> [PROBLEM]
All lines of the material that contain "Longrightarrow" must be copied out.

> [RECORDS FOR THE TASK]
lemma good_pairs_on_insert_update:
  assumes "(P, L) \<in> good_pairs_on m Z C" "(a, b) \<in> admissible_entries m Z P L i j"
    and before: "\<And>i' j'. (i', j') \<in> C \<Longrightarrow> i' < i \<or> (i' = i \<and> j' < j)"
  shows "(P((i, j) := a), L((i, j) := b)) \<in> good_pairs_on m Z (insert (i, j) C)"
proof -
  have P: "P \<in> C \<rightarrow>\<^sub>E {0..m}" and L: "L \<in> C \<rightarrow>\<^sub>E {..<Z}"
    and old: "\<And>i1 i2 j1 j2. i1 < i2 \<Longrightarrow> j1 < j2 \<Longrightarrow>
       {(i1, j1), (i1, j2), (i2, j1), (i2, j2)} \<subseteq> C \<Longrightarrow> \<not> active4 Z P L i1 i2 j1 j2"
    using assms(1) by (auto simp: good_pairs_on_def)
  have ab: "a \<in> {0..m}" "b \<in> {..<Z}"
    and new: "\<And>i1 j1. i1 < i \<Longrightarrow> j1 < j \<Longrightarrow>
       \<not> active4 Z (P((i, j) := a)) (L((i, j) := b)) i1 i j1 j"
    using assms(2) by (auto simp: admissible_entries_def)
  have no_active: "\<not> active4 Z (P((i, j) := a)) (L((i, j) := b)) i1 i2 j1 j2"
    if "i1 < i2" "j1 < j2" "{(i1, j1), (i1, j2), (i2, j1), (i2, j2)} \<subseteq> insert (i, j) C"
    for i1 i2 j1 j2
  proof (cases "(i2, j2) = (i, j)")
    case True
    then show ?thesis
      using new that by auto
  next
    case False
    then have "i2 < i \<or> (i2 = i \<and> j2 < j)"
      using that before by blast
    then have "{(i1, j1), (i1, j2), (i2, j1), (i2, j2)} \<subseteq> C - {(i, j)}"
      using that by auto
    then show ?thesis
      using old[OF that(1,2)] by (auto simp: active4_def)
  qed
  show ?thesis
    unfolding good_pairs_on_def mem_Collect_eq prod.case
  proof (intro conjI allI impI)
    show "P((i, j) := a) \<in> insert (i, j) C \<rightarrow>\<^sub>E {0..m}"
      using ab(1) P by (rule PiE_fun_upd)
    show "L((i, j) := b) \<in> insert (i, j) C \<rightarrow>\<^sub>E {..<Z}"
      using ab(2) L by (rule PiE_fun_upd)
  next
    fix i1 i2 j1 j2
    assume "i1 < i2 \<and> j1 < j2 \<and> {(i1, j1), (i1, j2), (i2, j1), (i2, j2)} \<subseteq> insert (i, j) C"
    then show "\<not> active4 Z (P((i, j) := a)) (L((i, j) := b)) i1 i2 j1 j2"
      using no_active[of i1 i2 j1 j2] by blast
  qed
qed

lemma card_good_pairs_on_insert:
  assumes "finite C"
    and before: "\<And>i' j'. (i', j') \<in> C \<Longrightarrow> i' < i \<or> (i' = i \<and> j' < j)"
  shows "card (good_pairs_on m Z C) * ((m + 1) * Z - i * j)
           \<le> card (good_pairs_on m Z (insert (i, j) C))"
proof (rule card_mult_le_card_if_inj_on_Sigma)
  let ?V = "\<lambda>(P, L). admissible_entries m Z P L i j"
  let ?ext = "\<lambda>((P, L), (a, b)). (P((i, j) := a), L((i, j) := b))"
  show "finite (good_pairs_on m Z (insert (i, j) C))"
    using assms(1) by (simp add: finite_good_pairs_on)
  show "(m + 1) * Z - i * j \<le> card (?V x)" for x
    by (cases x) (simp only: prod.case card_admissible_entries_ge)
  show "?ext ` Sigma (good_pairs_on m Z C) ?V \<subseteq> good_pairs_on m Z (insert (i, j) C)"
    using good_pairs_on_insert_update[OF _ _ before] by auto
  have "(i, j) \<notin> C"
    using before by blast
  show "inj_on ?ext (Sigma (good_pairs_on m Z C) ?V)"
  proof (rule inj_onI)
    fix x y
    assume mem: "x \<in> Sigma (good_pairs_on m Z C) ?V" "y \<in> Sigma (good_pairs_on m Z C) ?V"
      and eq: "?ext x = ?ext y"
    obtain P L a b where x: "x = ((P, L), a, b)"
      by (metis prod.collapse)
    obtain P' L' a' b' where y: "y = ((P', L'), a', b')"
      by (metis prod.collapse)
    have P: "(a, P) \<in> {0..m} \<times> (C \<rightarrow>\<^sub>E {0..m})" "(a', P') \<in> {0..m} \<times> (C \<rightarrow>\<^sub>E {0..m})"
      and L: "(b, L) \<in> {..<Z} \<times> (C \<rightarrow>\<^sub>E {..<Z})" "(b', L') \<in> {..<Z} \<times> (C \<rightarrow>\<^sub>E {..<Z})"
      and upd: "P((i, j) := a) = P'((i, j) := a')" "L((i, j) := b) = L'((i, j) := b')"
      using mem eq by (auto simp: x y good_pairs_on_def admissible_entries_def)
    have "(a, P) = (a', P')"
      using inj_onD[OF inj_combinator[OF \<open>(i, j) \<notin> C\<close>] _ P] upd(1) by simp
    moreover have "(b, L) = (b', L')"
      using inj_onD[OF inj_combinator[OF \<open>(i, j) \<notin> C\<close>] _ L] upd(2) by simp
    ultimately show "x = y"
      by (simp add: x y)
  qed
qed

definition row_major_prefix :: "nat \<Rightarrow> nat \<Rightarrow> (nat \<times> nat) set" where
  "row_major_prefix kappa r = {(i, j). j < kappa \<and> i * kappa + j < r}"

lemma row_major_prefix_subset: "row_major_prefix kappa r \<subseteq> {..<r} \<times> {..<kappa}"
proof
  fix x
  assume "x \<in> row_major_prefix kappa r"
  then obtain i j where x: "x = (i, j)" and "j < kappa" "i * kappa + j < r"
    by (auto simp: row_major_prefix_def)
  moreover from \<open>j < kappa\<close> have "i \<le> i * kappa"
    by simp
  ultimately have "i < r"
    by linarith
  with x \<open>j < kappa\<close> show "x \<in> {..<r} \<times> {..<kappa}"
    by simp
qed

lemma finite_row_major_prefix: "finite (row_major_prefix kappa r)"
  using row_major_prefix_subset by (rule finite_subset) simp

lemma row_major_prefix_Suc:
  assumes "0 < kappa"
  shows "row_major_prefix kappa (Suc r) = insert (r div kappa, r mod kappa) (row_major_prefix kappa r)"
  using assms by (auto simp: row_major_prefix_def less_Suc_eq)

lemma row_major_prefix_before:
  assumes "(i, j) \<in> row_major_prefix kappa r"
  shows "i < r div kappa \<or> (i = r div kappa \<and> j < r mod kappa)"
proof -
  have "j < kappa" and lt: "i * kappa + j < r"
    using assms by (auto simp: row_major_prefix_def)
  then have "i = (i * kappa + j) div kappa"
    by simp
  with lt have "i \<le> r div kappa"
    by (metis div_le_mono less_imp_le)
  moreover have "j < r mod kappa" if "i = r div kappa"
    using lt unfolding that by (metis add_less_cancel_left div_mult_mod_eq)
  ultimately show ?thesis
    by linarith
qed

lemma row_major_prefix_full:
  "row_major_prefix kappa (gamma * kappa) = {..<gamma} \<times> {..<kappa}"
proof -
  have iff: "j < kappa \<and> i * kappa + j < gamma * kappa \<longleftrightarrow> i < gamma \<and> j < kappa" for i j
  proof
    assume "j < kappa \<and> i * kappa + j < gamma * kappa"
    then have "j < kappa" "i * kappa < gamma * kappa"
      by linarith+
    then show "i < gamma \<and> j < kappa"
      by simp
  next
    assume "i < gamma \<and> j < kappa"
    moreover from this have "Suc i * kappa \<le> gamma * kappa"
      by (intro mult_le_mono1) simp
    ultimately show "j < kappa \<and> i * kappa + j < gamma * kappa"
      by simp
  qed
  show ?thesis
    unfolding row_major_prefix_def set_eq_iff by (simp add: iff)
qed

lemma card_good_pairs_on_row_major_prefix:
  assumes "0 < kappa"
  shows "(\<Prod>s<r. (m + 1) * Z - (s div kappa) * (s mod kappa))
           \<le> card (good_pairs_on m Z (row_major_prefix kappa r))"
proof (induction r)
  case 0
  have "good_pairs_on m Z (row_major_prefix kappa 0) = {(\<lambda>_. undefined, \<lambda>_. undefined)}"
    by (auto simp: good_pairs_on_def row_major_prefix_def)
  then show ?case
    by simp
next
  case (Suc r)
  have "(\<Prod>s<Suc r. (m + 1) * Z - (s div kappa) * (s mod kappa))
      \<le> card (good_pairs_on m Z (row_major_prefix kappa r))
          * ((m + 1) * Z - (r div kappa) * (r mod kappa))"
    using Suc.IH by simp
  also have "\<dots> \<le> card (good_pairs_on m Z (row_major_prefix kappa (Suc r)))"
    unfolding row_major_prefix_Suc[OF assms]
    using finite_row_major_prefix row_major_prefix_before by (rule card_good_pairs_on_insert)
  finally show ?case .
qed

theorem card_good_pairs_ge_prod:
  "(\<Prod>i<gamma. \<Prod>j<kappa. (m + 1) * Z - i * j) \<le> card (good_pairs m Z gamma kappa)"
proof (cases "kappa = 0")
  case True
  then show ?thesis
    by (simp add: good_pairs_def)
next
  case False
  have "(\<Prod>i<gamma. \<Prod>j<kappa. (m + 1) * Z - i * j)
      = (\<Prod>s<gamma * kappa. (m + 1) * Z - (s div kappa) * (s mod kappa))"
    by (rule prod_lessThan_mult_div_mod[symmetric])
  also have "\<dots> \<le> card (good_pairs_on m Z (row_major_prefix kappa (gamma * kappa)))"
    using False by (intro card_good_pairs_on_row_major_prefix) simp
  finally show ?thesis
    by (simp only: row_major_prefix_full good_pairs_on_grid)
qed

section \<open>From the product to the two closed forms\<close>

lemma one_minus_power_mult_le_one:
  fixes y :: real
  assumes "0 \<le> y" "y \<le> 1"
  shows "(1 - y) ^ n * (1 + real n * y) \<le> 1"
proof -
  have "(1 - y) ^ n \<le> exp (- y) ^ n"
    using assms exp_ge_add_one_self[of "- y"] by (intro power_mono) auto
  also have "\<dots> = exp (- (real n * y))"
    by (simp add: exp_of_nat_mult[symmetric])
  finally have "(1 - y) ^ n * (1 + real n * y) \<le> exp (- (real n * y)) * exp (real n * y)"
    using assms by (intro mult_mono exp_ge_add_one_self) auto
  also have "\<dots> = 1"
    by (simp flip: exp_add)
  finally show ?thesis .
qed

lemma mult_one_minus_power_le:
  fixes A y :: real
  assumes "0 \<le> y" "y \<le> 1" "1 + real t * y \<le> A * y"
  shows "A * (1 - y) ^ t \<le> A - real t"
proof -
  have "0 < (A - real t) * y"
    using assms(3) by (simp add: algebra_simps)
  then have "0 \<le> A - real t"
    using assms(1) by (simp add: zero_less_mult_iff)
  have "A \<le> (A - real t) * (1 + real t * y)"
    using assms(3) mult_left_mono[OF assms(3), of "real t"] by (simp add: algebra_simps)
  then have "A * (1 - y) ^ t \<le> ((A - real t) * (1 + real t * y)) * (1 - y) ^ t"
    by (rule mult_right_mono) (use assms(2) in simp)
  also have "\<dots> = (A - real t) * ((1 - y) ^ t * (1 + real t * y))"
    by (simp only: mult_ac)
  also have "\<dots> \<le> A - real t"
    using one_minus_power_mult_le_one[OF assms(1,2)] \<open>0 \<le> A - real t\<close>
    by (simp add: mult_left_le)
  finally show ?thesis .
qed

lemma pred_power_div_power_le:
  fixes D :: nat
  assumes "1 \<le> D"
  shows "(real D - 1) ^ (D - 1) / real D ^ D \<le> 1 / (2 * real D - 1)"
proof -
  define y where "y = 1 / real D"
  have y: "0 \<le> y" "y \<le> 1" and one_minus_y: "1 - y = (real D - 1) / real D"
    using assms by (auto simp: y_def field_simps)
  have "real D ^ D = real D * real D ^ (D - 1)"
    using assms by (cases D) simp_all
  then have "(real D - 1) ^ (D - 1) / real D ^ D = (1 - y) ^ (D - 1) / real D"
    by (simp add: one_minus_y power_divide)
  moreover have "(1 - y) ^ (D - 1) * ((2 * real D - 1) / real D) \<le> 1"
    using one_minus_power_mult_le_one[OF y, of "D - 1"] assms
    by (simp add: y_def of_nat_diff field_simps)
  then have "(1 - y) ^ (D - 1) * (2 * real D - 1) \<le> real D"
    using assms by (simp add: field_simps)
  then have "(1 - y) ^ (D - 1) / real D \<le> 1 / (2 * real D - 1)"
    using assms by (simp add: divide_simps)
  ultimately show ?thesis
    by simp
qed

> [WRITTEN ANSWER]
    and before: "\<And>i' j'. (i', j') \<in> C \<Longrightarrow> i' < i \<or> (i' = i \<and> j' < j)"
    and old: "\<And>i1 i2 j1 j2. i1 < i2 \<Longrightarrow> j1 < j2 \<Longrightarrow>
       {(i1, j1), (i1, j2), (i2, j1), (i2, j2)} \<subseteq> C \<Longrightarrow> \<not> active4 Z P L i1 i2 j1 j2"
    and new: "\<And>i1 j1. i1 < i \<Longrightarrow> j1 < j \<Longrightarrow>
    and before: "\<And>i' j'. (i', j') \<in> C \<Longrightarrow> i' < i \<or> (i' = i \<and> j' < j)"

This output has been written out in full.